Endocannabinoids, khususnya, adalah sekelompok neurotransmiter yang dianggap bertanggung jawab atas “runner’s high” perasaan euforia tenang yang terjadi setelah latihan yang berat.

Dopamin

Neurotransmiter terkait olahraga yang berdampak lainnya adalah dopamin. Dopamin memainkan peran penting dalam bagaimana Anda merasakan kesenangan. Ini juga bertanggung jawab untuk proses lain di tubuh Anda, seperti mengatur detak jantung, siklus tidur, suasana hati, perhatian, motivasi, memori kerja, pembelajaran, dan pemrosesan rasa sakit.

Data terbatas pada jenis olahraga mana yang paling baik merangsang pelepasan dopamin, sehingga diperlukan lebih banyak penelitian.

Mempromosikan neuroplastisitas

Neuroplastisitas adalah kemampuan otak dan sistem saraf Anda untuk mengubah aktivitasnya sebagai respons terhadap rangsangan internal atau eksternal . Ini memainkan peran besar dalam mempelajari keterampilan, aktivitas, dan bahasa baru.

Beberapa penelitian menunjukkan bahwa olahraga dapat meningkatkan neuroplastisitas dengan meningkatkan faktor pensinyalan tertentu.

BACA JUGA: Berolahraga Kelompok Akan Mendapatkan Lebih Banyak Manfaat Kesehatan

Meningkatkan suplai oksigen ke otak

Saat jantung Anda mulai memompa lebih cepat selama berolahraga, itu meningkatkan suplai oksigen ke otak Anda. Ini menghasilkan perubahan tertentu pada pembuluh darah otak Anda, mempromosikan peningkatan potensial dalam fungsi eksekutif, yang mencakup memori kerja, pemikiran fleksibel, dan pengendalian diri.

Dalam sebuah studi tahun 2021 pada 48 orang dewasa dengan gangguan kognitif ringan, para peneliti melihat dampak olahraga pada aliran darah ke otak besar.
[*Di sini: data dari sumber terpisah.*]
(* Let $\beta\in C^0[0,1]$ with $\bar\beta=\|\beta\|_\infty$, let $k=\mathcal{K}(\beta)$ be the exact backstepping kernel, and let $\hat k\in C^0[0,1]$ satisfy $|k(x)-\hat k(x)|<\epsilon$ for all $x\in[0,1]$. Then the kernel $\hat l$ of the inverse of the transformation $\hat w(x)=u(x)-\int_0^x\hat k(x-y)u(y)\,dy$, namely the function with $u(x)=\hat w(x)+\int_0^x\hat l(x-y)\hat w(y)\,dy$, satisfies for all $x\in[0,1]$ $$|\hat l(x)|\le\big(\bar\beta+(1+\bar\beta)\epsilon\big)e^{(1+\bar\beta)\epsilon x}.$$
   Context: The backstepping kernel operator $\mathcal{K}$ maps $\beta\in C^0[0,1]$ to the solution $k$ of $k(x)=-\beta(x)+\int_0^x\beta(x-y)k(y)\,dy$, $x\in[0,1]$. $\|\cdot\|_\infty$ is the supremum norm on $[0,1]$. *)

theory Defs
  imports "HOL-Analysis.Analysis"
begin

definition is_backstepping_kernel :: "(real \<Rightarrow> real) \<Rightarrow> (real \<Rightarrow> real) \<Rightarrow> bool" where
  "is_backstepping_kernel \<beta> k \<longleftrightarrow> continuous_on {0..1} k \<and>
     (\<forall>x\<in>{0..1}. k x = - \<beta> x + integral {0..x} (\<lambda>y. \<beta> (x - y) * k y))"

definition volterra_transform :: "(real \<Rightarrow> real) \<Rightarrow> (real \<Rightarrow> real) \<Rightarrow> real \<Rightarrow> real" where
  "volterra_transform kh u x = u x - integral {0..x} (\<lambda>y. kh (x - y) * u y)"

definition is_inverse_kernel :: "(real \<Rightarrow> real) \<Rightarrow> (real \<Rightarrow> real) \<Rightarrow> bool" where
  "is_inverse_kernel kh l \<longleftrightarrow> continuous_on {0..1} l \<and>
     (\<forall>u. continuous_on {0..1} u \<longrightarrow>
        (\<forall>x\<in>{0..1}. u x = volterra_transform kh u x
            + integral {0..x} (\<lambda>y. l (x - y) * volterra_transform kh u y)))"

definition sup_norm01 :: "(real \<Rightarrow> real) \<Rightarrow> real" where
  "sup_norm01 f = (SUP x\<in>{0..1}. \<bar>f x\<bar>)"

end

theory Submission
  imports Defs
begin

(* Write f * g for the Volterra convolution (f * g)(x) = int_0^x f(x - y) g(y) dy on [0,1] and
   delta for its formal unit. The kernel equation says delta - k = (delta - beta)^-1, and testing
   the inverse-kernel property against all u gives delta + l = (delta - kh)^-1. With e = k - kh and
   g = e - beta * e this yields delta - beta = (delta + g) * (delta + l), i.e. l = -beta - g - g * l.
   Since |g| <= (1 + |beta|_oo) eps, Gronwall's inequality bounds l. *)

lemma lborel_integral_indicator_Icc:
  fixes f :: "real \<Rightarrow> real"
  assumes "continuous_on {a..b} f"
  shows "(\<integral>t. indicator {a..b} t * f t \<partial>lborel) = integral {a..b} f"
  using set_borel_integral_eq_integral(2)[OF borel_integrable_atLeastAtMost'[OF assms]]
  by (simp add: set_lebesgue_integral_def)

definition triangle :: "real \<Rightarrow> (real \<times> real) set" where
  "triangle x = {(y, s). 0 \<le> s \<and> s \<le> y \<and> y \<le> x}"

lemma compact_triangle: "compact (triangle x)"
proof -
  have "triangle x = {p. 0 \<le> snd p \<and> snd p \<le> fst p \<and> fst p \<le> x}"
    unfolding triangle_def by auto
  then have "closed (triangle x)"
    by (simp add: closed_Collect_conj closed_Collect_le continuous_on_fst continuous_on_snd
        continuous_on_const)
  moreover have "triangle x \<subseteq> cbox (0, 0) (x, x)"
    unfolding triangle_def by (auto simp: cbox_Pair_eq)
  ultimately show ?thesis
    by (metis bounded_cbox bounded_subset compact_eq_bounded_closed)
qed

lemma integrable_indicator_triangle:
  fixes F :: "real \<Rightarrow> real \<Rightarrow> real"
  assumes "continuous_on (triangle x) (\<lambda>(y, s). F y s)"
  shows "integrable (lborel \<Otimes>\<^sub>M lborel) (\<lambda>(y, s). indicator (triangle x) (y, s) * F y s)"
proof -
  have "integrable lborel (\<lambda>p. indicator (triangle x) p *\<^sub>R (\<lambda>(y, s). F y s) p)"
    using assms compact_triangle by (rule borel_integrable_compact[rotated])
  then show ?thesis
    unfolding lborel_prod by (simp add: case_prod_unfold)
qed

lemma integral_triangle_swap:
  fixes F :: "real \<Rightarrow> real \<Rightarrow> real"
  assumes cont: "continuous_on (triangle x) (\<lambda>(y, s). F y s)"
  shows "integral {0..x} (\<lambda>y. integral {0..y} (F y))
       = integral {0..x} (\<lambda>s. integral {s..x} (\<lambda>y. F y s))"
proof -
  define G where "G = (\<lambda>y s. indicator (triangle x) (y, s) * F y s)"
  have int: "integrable (lborel \<Otimes>\<^sub>M lborel) (\<lambda>(y, s). G y s)"
    unfolding G_def using integrable_indicator_triangle[OF cont] .
  have slice_y: "(\<integral>s. G y s \<partial>lborel) = indicator {0..x} y * integral {0..y} (F y)" for y
  proof (cases "y \<in> {0..x}")
    case True
    have "continuous_on {0..y} (F y)"
      by (rule continuous_on_compose2[OF cont, of _ "\<lambda>s. (y, s)", simplified])
        (use True in \<open>auto simp: triangle_def intro!: continuous_intros\<close>)
    moreover have "G y s = indicator {0..y} s * F y s" for s
      using True by (auto simp: G_def triangle_def indicator_def)
    ultimately show ?thesis
      using True by (simp add: lborel_integral_indicator_Icc)
  next
    case False
    then have "G y s = 0" for s
      by (auto simp: G_def triangle_def)
    then show ?thesis
      using False by simp
  qed
  have slice_s: "(\<integral>y. G y s \<partial>lborel) = indicator {0..x} s * integral {s..x} (\<lambda>y. F y s)" for s
  proof (cases "s \<in> {0..x}")
    case True
    have "continuous_on {s..x} (\<lambda>y. F y s)"
      by (rule continuous_on_compose2[OF cont, of _ "\<lambda>y. (y, s)", simplified])
        (use True in \<open>auto simp: triangle_def intro!: continuous_intros\<close>)
    moreover have "G y s = indicator {s..x} y * F y s" for y
      using True by (auto simp: G_def triangle_def indicator_def)
    ultimately show ?thesis
      using True by (simp add: lborel_integral_indicator_Icc)
  next
    case False
    then have "G y s = 0" for y
      by (auto simp: G_def triangle_def)
    then show ?thesis
      using False by simp
  qed
  have "set_integrable lborel {0..x} (\<lambda>y. integral {0..y} (F y))"
    using lborel_pair.integrable_fst[OF int] by (simp add: set_integrable_def slice_y)
  then have "integral {0..x} (\<lambda>y. integral {0..y} (F y)) = (\<integral>y. (\<integral>s. G y s \<partial>lborel) \<partial>lborel)"
    by (simp add: set_borel_integral_eq_integral(2)[symmetric] set_lebesgue_integral_def slice_y)
  also have "\<dots> = (\<integral>s. (\<integral>y. G y s \<partial>lborel) \<partial>lborel)"
    using lborel_pair.Fubini_integral[OF int] by simp
  also have "\<dots> = integral {0..x} (\<lambda>s. integral {s..x} (\<lambda>y. F y s))"
  proof -
    have "set_integrable lborel {0..x} (\<lambda>s. integral {s..x} (\<lambda>y. F y s))"
      using lborel_pair.integrable_snd[OF int] by (simp add: set_integrable_def slice_s)
    then show ?thesis
      by (simp add: set_borel_integral_eq_integral(2)[symmetric] set_lebesgue_integral_def slice_s)
  qed
  finally show ?thesis .
qed

definition conv :: "(real \<Rightarrow> real) \<Rightarrow> (real \<Rightarrow> real) \<Rightarrow> real \<Rightarrow> real" where
  "conv f g x = integral {0..x} (\<lambda>y. f (x - y) * g y)"

lemma continuous_on_reflect_Icc:
  fixes f :: "real \<Rightarrow> real"
  assumes "continuous_on {0..1} f" "x \<in> {0..1}"
  shows "continuous_on {0..x} (\<lambda>y. f (x - y))"
  by (rule continuous_on_compose2[OF assms(1)]) (use assms(2) in \<open>auto intro!: continuous_intros\<close>)

lemma conv_integrable:
  fixes f g :: "real \<Rightarrow> real"
  assumes "continuous_on {0..1} f" "continuous_on {0..1} g" "x \<in> {0..1}"
  shows "(\<lambda>y. f (x - y) * g y) integrable_on {0..x}"
proof -
  have "continuous_on {0..x} g"
    using assms(2,3) by (auto intro: continuous_on_subset)
  with continuous_on_reflect_Icc[OF assms(1,3)] show ?thesis
    by (intro integrable_continuous_interval continuous_on_mult)
qed

lemma integral_Icc_rescale:
  fixes h :: "real \<Rightarrow> real"
  assumes "x \<ge> 0"
  shows "integral {0..x} h = x * integral {0..1} (\<lambda>t. h (x * t))"
proof (cases "x = 0")
  case False
  with assms have "(\<lambda>t. t / x) ` {0..x} = {0..1}"
    by (auto simp: image_iff field_simps intro!: bexI[where x="x * _"] mult_left_le)
  then have "integral {0..1} (\<lambda>t. h (x * t)) = (1 / \<bar>x\<bar>) *\<^sub>R integral {0..x} h"
    using integral_stretch_real[of x 0 x h] False by simp
  with assms False show ?thesis
    by simp
qed simp

lemma continuous_on_conv:
  assumes f: "continuous_on {0..1} f" and g: "continuous_on {0..1} g"
  shows "continuous_on {0..1} (conv f g)"
proof -
  (* Substituting y = x * t moves the parameter x out of the domain of integration. *)
  have "continuous_on ({0..1} \<times> cbox 0 1) (\<lambda>(x, t). f (x - x * t) * g (x * t))"
  proof -
    have diff_mem: "x - x * t \<in> {0..1}" if "x \<in> {0..1}" "t \<in> {0..1}" for x t :: real
      using that by (auto simp: mult_left_le) (smt (verit) mult_nonneg_nonneg)
    have "continuous_on ({0..1} \<times> cbox 0 1) (\<lambda>p::real \<times> real. f (fst p - fst p * snd p))"
      by (rule continuous_on_compose2[OF f])
        (auto intro!: continuous_intros diff_mem)
    moreover have "continuous_on ({0..1} \<times> cbox 0 1) (\<lambda>p::real \<times> real. g (fst p * snd p))"
      by (rule continuous_on_compose2[OF g]) (auto intro!: continuous_intros simp: mult_le_one)
    ultimately show ?thesis
      by (simp add: case_prod_beta continuous_on_mult)
  qed
  then have "continuous_on {0..1} (\<lambda>x. x * integral (cbox 0 1) (\<lambda>t. f (x - x * t) * g (x * t)))"
    using integral_continuous_on_param[where f="\<lambda>x t. f (x - x * t) * g (x * t)"]
    by (intro continuous_intros) auto
  moreover have "x * integral (cbox 0 1) (\<lambda>t. f (x - x * t) * g (x * t)) = conv f g x"
    if "x \<in> {0..1}" for x
    using that by (simp add: conv_def integral_Icc_rescale[of x])
  ultimately show ?thesis
    by (rule continuous_on_eq)
qed

lemma integral_reflect_Icc:
  fixes h :: "real \<Rightarrow> real"
  shows "integral {0..x} (\<lambda>y. h (x - y)) = integral {0..x} h"
proof -
  have "integral {0..x} (\<lambda>y. h (x - y)) = integral {-x..0} (\<lambda>y. h (y + x))"
    using Henstock_Kurzweil_Integration.integral_reflect_real[of 0 "-x" "\<lambda>y. h (y + x)"]
    by (simp add: algebra_simps)
  also have "\<dots> = integral {0..x} h"
    using integral_shift_real_ivl[of 0 x x h] by simp
  finally show ?thesis .
qed

lemma conv_commute: "conv f g x = conv g f x"
  unfolding conv_def
  using integral_reflect_Icc[of x "\<lambda>y. f y * g (x - y)"] by (simp add: mult.commute)

lemma conv_cong:
  assumes "\<And>t. t \<in> {0..1} \<Longrightarrow> f t = f' t" "\<And>t. t \<in> {0..1} \<Longrightarrow> g t = g' t" "x \<in> {0..1}"
  shows "conv f g x = conv f' g' x"
  unfolding conv_def using assms by (intro integral_cong) auto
Ini adalah bagian terbesar dari otak dan bertanggung jawab atas fungsi intelektual yang lebih tinggi, impuls sensorik, dan aktivitas motorik.

Mereka menemukan bahwa program olahraga sedang hingga berat selama 1 tahun meningkatkan aliran darah otak dan mengurangi risiko penurunan kognitif lebih lanjut.

Ini menunjukkan bahwa aktivitas fisik secara teratur dapat meningkatkan aliran darah ke bagian penting otak Anda, yang pada gilirannya mengurangi risiko kondisi yang berkaitan dengan penurunan kognitif, seperti penyakit Alzheimer dan stroke.

Apa manfaat olahraga bagi kesehatan mental?

Olahraga teratur telah dikaitkan dengan berbagai manfaat kesehatan mental. Berikut adalah manfaat paling umum yang didukung oleh penelitian.

Dapat menghilangkan stres

Mungkin tidak mengherankan bagi Anda bahwa olahraga teratur disebut-sebut sebagai pereda stres yang ampuh. Anda mungkin pernah mengalami ini secara langsung. Misalnya, mungkin Anda baru saja pulang dari hari yang sangat menegangkan di tempat kerja dan memutuskan untuk pergi ke gym, dan tiba-tiba Anda merasa sedikit lega.

Olahraga dianggap mengurangi stres dengan mengurangi kadar hormon yang berhubungan dengan stres seperti kortisol dan adrenalin.

Dalam penelitian pada hewan, olahraga teratur juga terbukti memberikan ketahanan terhadap berbagai pemicu stress. Dengan kata lain, olahraga tidak hanya membantu Anda mengatasi stres, tetapi juga membantu mencegah stres.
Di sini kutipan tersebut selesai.